On Wednesday, as I trudged out of Oracle Open World after Larry Ellison’s keynote, I learnt that Steve Jobs had passed away. It threw a pall of gloom over me and most of the attendees.
The world is poorer without Steve Jobs.
On Thursday I was talking to my 15 year old son about the significance of Steve Jobs and how he was being compared to Thomas Edison. He was curious. “Was Steve Jobs an inventor like Edison?”. No he wasn’t but in Edison’s days, a single invention like the light bulb could directly become a product. Today, there are hundreds of patented inventions that go into a new product. They come from different companies that have scientists in many different streams like material science, semiconductors, manufacturing technology and software.
No Steve Jobs wasn’t an inventing genius. But he was a creative genius like Edison. And they were both great businessmen. Apple at the height of its market power (today?) is as awe inspiring as General Electric ever was. Probably more.
In 2008 I switched from a Windows laptop to a MacBook. Before that the only Apple product I ever owned was an iPod. My experience with my MacBook was so superlative that I became a fan. In the short time since my first MacBook I acquired an iMac for my son, an iPad, an iPhone, Airport Express, AppleTV and Time Capsule.
To me, Apple is exceptional in two ways. First, it melds, like no other company, these often conflicting objectives – functional design and visual design, usability and feature/function, software and hardware, engineering and beauty.
Two, it seeks to excel, to set the standard in whatever it does. Look at the way it reinvented retailing in Apple Stores. And in a field that it entered in the last decade. Today retailers around the world look to Apple stores as their role model.
Steve Jobs was essential to both these things. When conflicting objectives collide and trade offs had to be made, he made the important ones. And when a product was not up to snuff, it went back to the drawing board, again and again until Steve thought they had it right.

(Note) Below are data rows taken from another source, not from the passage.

lemma mem_hull_extreme_points_plus_constraint_cone:
  fixes a :: "'i \<Rightarrow> 'a::real_inner"
  assumes "finite I" and P: "P = {x. \<forall>i\<in>I. a i \<bullet> x \<le> b i}" and v: "v extreme_point_of P"
    and "x \<in> P"
  shows "x \<in> {c + y | c y. c \<in> convex hull {v. v extreme_point_of P} \<and> (\<forall>i\<in>I. a i \<bullet> y \<le> 0)}"
    (is "x \<in> ?D")
  using \<open>x \<in> P\<close>
proof (induction x rule: measure_induct_rule[where f="\<lambda>x. card I - card (active_constraints I a b x)"])
  case (less x)
  have cone_convex: "convex {y. \<forall>i\<in>I. a i \<bullet> y \<le> 0}"
    by (simp add: convex_def inner_add_right add_nonpos_nonpos mult_nonneg_nonpos)
  have "convex ?D"
    using convex_sums_set[OF convex_convex_hull cone_convex] by (simp only: mem_Collect_eq)
  have D_plus_cone: "z + y \<in> ?D" if "z \<in> ?D" "\<forall>i\<in>I. a i \<bullet> y \<le> 0" for z y
  proof -
    obtain c y' where "z = c + y'" "c \<in> convex hull {v. v extreme_point_of P}" "\<forall>i\<in>I. a i \<bullet> y' \<le> 0"
      using \<open>z \<in> ?D\<close> by blast
    then show ?thesis
      using that(2) by (intro CollectI exI[of _ c] exI[of _ "y' + y"])
        (auto simp: inner_add_right add_nonpos_nonpos add.assoc)
  qed
  have IH: "z \<in> ?D" if "z \<in> P" "active_constraints I a b x \<subset> active_constraints I a b z" for z
    using less.IH that(1) card_inactive_constraints_less[OF \<open>finite I\<close> that(2)] by simp
  show ?case
  proof (cases "x extreme_point_of P")
    case True
    then show ?thesis
      by (intro CollectI exI[of _ x] exI[of _ 0]) (auto simp: hull_inc)
  next
    case False
    then obtain d where tangent: "\<forall>i\<in>active_constraints I a b x. a i \<bullet> d = 0"
      and increasing: "\<exists>i\<in>I. a i \<bullet> d > 0"
      using nonvertex_obtain_increasing_tangent_direction[OF P v less.prems] by blast
    have feasible: "\<forall>i\<in>I. a i \<bullet> x \<le> b i"
      using less.prems P by simp
    obtain t where t: "t > 0" "x + t *\<^sub>R d \<in> P"
      "active_constraints I a b x \<subset> active_constraints I a b (x + t *\<^sub>R d)"
      using move_until_new_active_constraint[OF \<open>finite I\<close> feasible tangent increasing] P by auto
    have forward: "x + t *\<^sub>R d \<in> ?D"
      using IH[OF t(2,3)] .
    show ?thesis
    proof (cases "\<exists>i\<in>I. a i \<bullet> (- d) > 0")
      case True
      obtain s where s: "s > 0" "x + s *\<^sub>R (- d) \<in> P"
        "active_constraints I a b x \<subset> active_constraints I a b (x + s *\<^sub>R (- d))"
        using move_until_new_active_constraint[OF \<open>finite I\<close> feasible _ True] tangent P by auto
      have backward: "x + s *\<^sub>R (- d) \<in> ?D"
        using IH[OF s(2,3)] .
      show ?thesis
        using mem_closed_segment_opposite_moves[OF \<open>s > 0\<close> \<open>t > 0\<close>]
        by (rule subsetD[OF closed_segment_subset[OF backward forward \<open>convex ?D\<close>]])
    next
      case False
      then have "\<forall>i\<in>I. a i \<bullet> (- t *\<^sub>R d) \<le> 0"
        using t(1) by (auto simp: not_less mult_nonneg_nonneg)
      from D_plus_cone[OF forward this] show ?thesis
        by simp
    qed
  qed
qed

lemma constraint_cone_subset_recession_cone:
  fixes a :: "'i \<Rightarrow> real^'n::finite"
  assumes "P = {x. \<forall>i\<in>I. a i \<bullet> x \<le> b i}" "\<forall>i\<in>I. a i \<bullet> y \<le> 0"
  shows "y \<in> recession_cone P"
  unfolding recession_cone_def
proof (intro CollectI ballI)
  fix x assume "x \<in> P"
  have "a i \<bullet> (x + y) \<le> b i" if "i \<in> I" for i
  proof -
    have "a i \<bullet> x \<le> b i" "a i \<bullet> y \<le> 0"
      using assms that \<open>x \<in> P\<close> by auto
    then show ?thesis
      by (simp add: inner_add_right)
  qed
  then show "x + y \<in> P"
    using assms(1) by simp
qed

theorem pointed_polyhedron_eq_hull_plus_recession_cone:
  fixes P :: "(real^'n::finite) set"
  assumes "polyhedron P" and v: "v extreme_point_of P"
  shows "P = {c + y | c y. c \<in> convex hull {v. v extreme_point_of P} \<and> y \<in> recession_cone P}"
proof (intro subset_antisym subsetI)
  fix x assume "x \<in> P"
  obtain I :: "(real^'n) set set" and a b where "finite I" and P: "P = {x. \<forall>i\<in>I. a i \<bullet> x \<le> b i}"
    using polyhedron_obtain_constraints[OF \<open>polyhedron P\<close>] by blast
  show "x \<in> {c + y | c y. c \<in> convex hull {v. v extreme_point_of P} \<and> y \<in> recession_cone P}"
    using mem_hull_extreme_points_plus_constraint_cone[OF \<open>finite I\<close> P v \<open>x \<in> P\<close>]
      constraint_cone_subset_recession_cone[OF P] by blast
next
  fix x assume "x \<in> {c + y | c y. c \<in> convex hull {v. v extreme_point_of P} \<and> y \<in> recession_cone P}"
  moreover have "convex hull {v. v extreme_point_of P} \<subseteq> P"
    using polyhedron_imp_convex[OF \<open>polyhedron P\<close>]
    by (intro hull_minimal) (auto simp: extreme_point_of_def)
  ultimately show "x \<in> P"
    by (auto simp: recession_cone_def)
qed
lemma fitting_decomposition:
  assumes lf: "Vector_Spaces.linear scale scale f" and "dimension \<le> K"
  obtains u y where "(f ^^ K) u = 0" "w = u + (f ^^ K) y"
proof -
  have hom: "module_hom scale scale (f ^^ j)" for j
    using linear_funpow[OF lf] by (simp add: linear_iff_module_hom)
  obtain i where i: "i \<le> dimension" "range (f ^^ Suc i) = range (f ^^ i)"
  proof (rule decreasing_subspaces_stabilize)
    show "subspace (range (f ^^ j))" for j
      using module_hom.subspace_image[OF hom subspace_UNIV] .
    show "range (f ^^ Suc j) \<subseteq> range (f ^^ j)" for j
      by (auto simp: funpow_Suc_right simp del: funpow.simps)
  qed
  have stable: "range (f ^^ (i + d)) = range (f ^^ i)" for d
  proof (induction d)
    case (Suc d)
    have "range (f ^^ (i + Suc d)) = f ` range (f ^^ (i + d))"
      by (simp add: image_comp)
    also have "\<dots> = range (f ^^ Suc i)"
      using Suc by (simp add: image_comp)
    finally show ?case using i(2) by simp
  qed simp
  have "range (f ^^ (K + K)) = range (f ^^ K)"
    using stable[of "K + K - i"] stable[of "K - i"] i(1) assms(2) by simp
  then have "(f ^^ K) w \<in> range (f ^^ (K + K))" by simp
  then obtain y where "(f ^^ K) w = (f ^^ (K + K)) y" by blast
  then have y: "(f ^^ K) w = (f ^^ K) ((f ^^ K) y)" by (simp add: funpow_add)
  have "(f ^^ K) (w - (f ^^ K) y) = 0"
    using module_hom.diff[OF hom] y by simp
  with that show thesis by simp
qed

end

lemma scaleR_vec_eq_complex_smult: "r *\<^sub>R (x :: complex ^ 'n) = complex_of_real r *s x"
  unfolding vec_eq_iff vector_scaleR_component vector_smult_component
  by (simp add: scaleR_conv_of_real)

locale hermitian =
  fixes l :: "complex ^ 'n \<Rightarrow> complex ^ 'n \<Rightarrow> complex"
  assumes hermitian_form: "hermitian_form l"
begin

lemma l_add_left: "l (u + v) w = l u w + l v w"
  using hermitian_form unfolding hermitian_form_def by (metis vec.scale_one mult_1)

lemma l_scale_left: "l (z *s u) w = z * l u w"
  using hermitian_form unfolding hermitian_form_def
  by (metis add.right_neutral l_add_left add_cancel_right_right)

lemma l_add_right: "l w (u + v) = l w u + l w v"
  using hermitian_form unfolding hermitian_form_def by (metis vec.scale_one mult_1 complex_cnj_one)

lemma l_scale_right: "l w (z *s u) = cnj z * l w u"
  using hermitian_form unfolding hermitian_form_def
  by (metis add.right_neutral l_add_right add_cancel_right_right)

lemma l_cnj_commute: "l v w = cnj (l w v)"
  using hermitian_form unfolding hermitian_form_def by blast

lemma Re_l_commute: "Re (l v w) = Re (l w v)"
  by (subst l_cnj_commute) simp

lemma l_zero_left [simp]: "l 0 w = 0"
  using l_add_left[of 0 0 w] by simp

lemma l_zero_right [simp]: "l w 0 = 0"
  using l_add_right[of w 0 0] by simp

lemma l_diff_left: "l (u - v) w = l u w - l v w"
  using l_add_left[of "u - v" v w] by simp

lemma l_diff_right: "l w (u - v) = l w u - l w v"
  using l_add_right[of w "u - v" v] by simp

lemma l_sum_left: "l (\<Sum>i\<in>I. f i) w = (\<Sum>i\<in>I. l (f i) w)"
  by (induction I rule: infinite_finite_induct) (simp_all add: l_add_left)

context
  fixes s :: nat and x :: "nat \<Rightarrow> complex ^ 'n"
  assumes below: "\<And>j k. s \<le> j + k \<Longrightarrow> l (x j) (x k) = 0"
    and antidiag: "\<And>j. j < s \<Longrightarrow> l (x j) (x (s - 1 - j)) \<noteq> 0"
begin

Apple may still have all the same creative geniuses that they had last week. But how do you replace this dynamic of a “Chief Designer & Chief Executive Officer”?
In 1994 when I came to the US my great regret was that I had not been able to see Michael Jordan play. That was soon remedied as he came back to the NBA. But this time, there are no comebacks. I can only wish I had gone to an Apple conference to see Steve Jobs on stage in his element.
R.I.P. Steve Jobs. This Macolyte mourns you.